The advantages of kissing, viewed in a strictly evolutionary sense, are hard to define. Kissing does not appear to aid survival, or enhance reproductive success, and presents an opportunity for the transfer of infections. It has been suggested that kissing may enhance mate selection, enabling one kisser to evaluate the odour, health and/or social skills of the other, although there is no real way to prove this. Another suggestion is that kissing enhances arousal, thereby increasing the likelihood of mating success, though again, this is unprovable. Neither of these explanations can account for kissing between individuals who do not seem to be intent on mating, which is just as widespread as mating-related kissing. One theory which could account for this is that kissing is a social gesture which displays trust, coming intentionally close to the (potentially dangerous) mouth and teeth of a social peer or potential mate, while another is that the practice might facilitate the transfer of potentially beneficial microbes, though again, these hypotheses are impossible to prove one way or the other.

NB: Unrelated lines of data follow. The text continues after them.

lemma derived_subset_core:
  assumes "finite I" and "3 \<le> card I"
  shows "derived G (carrier G) \<subseteq> S"
proof -
  have "g \<otimes> h \<otimes> inv g \<otimes> inv h \<in> S" if g: "g \<in> carrier G" and h: "h \<in> carrier G" for g h
  proof -
    obtain i where i: "i \<in> I" "g \<in> A i" using parts_cover g by blast
    have "2 \<le> card (I - {i})" using assms i(1) by (simp add: card_Diff_singleton)
    then obtain J where "J \<subseteq> I - {i}" "card J = 2" by (rule obtain_subset_with_card_n)
    then obtain j k where j: "j \<in> I" "j \<noteq> i" and k: "k \<in> I" "k \<noteq> i" and jk: "j \<noteq> k"
      by (auto simp: card_2_iff)
    obtain n p where n: "n \<in> A j" and p: "p \<in> A k" and h_eq: "h = n \<otimes> p"
      using parts_mult[OF j(1) k(1) jk h] by blast
    have nG: "n \<in> carrier G" using subgroup.mem_carrier[OF subgroup_part[OF j(1)] n] .
    have pG: "p \<in> carrier G" using subgroup.mem_carrier[OF subgroup_part[OF k(1)] p] .
    have "g \<otimes> n \<otimes> inv g \<otimes> inv n \<in> S"
      using commutator_in_Int_normal[OF normal_part normal_part, OF i(1) j(1) i(2) n]
        part_Int[OF i(1) j(1)] j(2) by auto
    moreover have "g \<otimes> p \<otimes> inv g \<otimes> inv p \<in> S"
      using commutator_in_Int_normal[OF normal_part normal_part, OF i(1) k(1) i(2) p]
        part_Int[OF i(1) k(1)] k(2) by auto
    then have "n \<otimes> (g \<otimes> p \<otimes> inv g \<otimes> inv p) \<otimes> inv n \<in> S"
      using normal.inv_op_closed2[OF normal_core nG] by simp
    ultimately show ?thesis
      unfolding h_eq commutator_mult_right[OF g nG pG]
      by (rule subgroup.m_closed[OF normal_imp_subgroup[OF normal_core]])
  qed
  then have "derived_set G (carrier G) \<subseteq> S" by blast
  then show ?thesis
    unfolding derived_def by (rule generate_subgroup_incl[OF _ normal_imp_subgroup[OF normal_core]])
qed

end

section \<open>Counting in a generalized quadrangle\<close>

locale gq =
  fixes Pts :: "'p set" and Lns :: "'l set" and Inc :: "'p \<Rightarrow> 'l \<Rightarrow> bool" and s :: nat
  assumes finite_gq: "finite_gq_of_order Pts Lns Inc s"
begin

The meaning of kissing is subject to cultural interpretation in Human societies. Some societies do not kiss at all. In others kissing is an everyday, yet meaningful, event. It can also be a highly symbolic activity. Given this cultural variation in Humans, it is quite possible that kissing is also cultural in non-Human Primates, and may be present in some populations and not others. 

While a number of researchers have come up with different possible explanations for the purpose of kissing, the origin of the practice does not appear to have been examined to date, despite the insight that understanding this could provide on the purpose of the practice. The presence of kissing in different, but closely related, species of Primates suggests that it has not appeared separately in each of these species, but that it first appeared in a common ancestral species, and was then adapted by each evolving lineage to meet their needs.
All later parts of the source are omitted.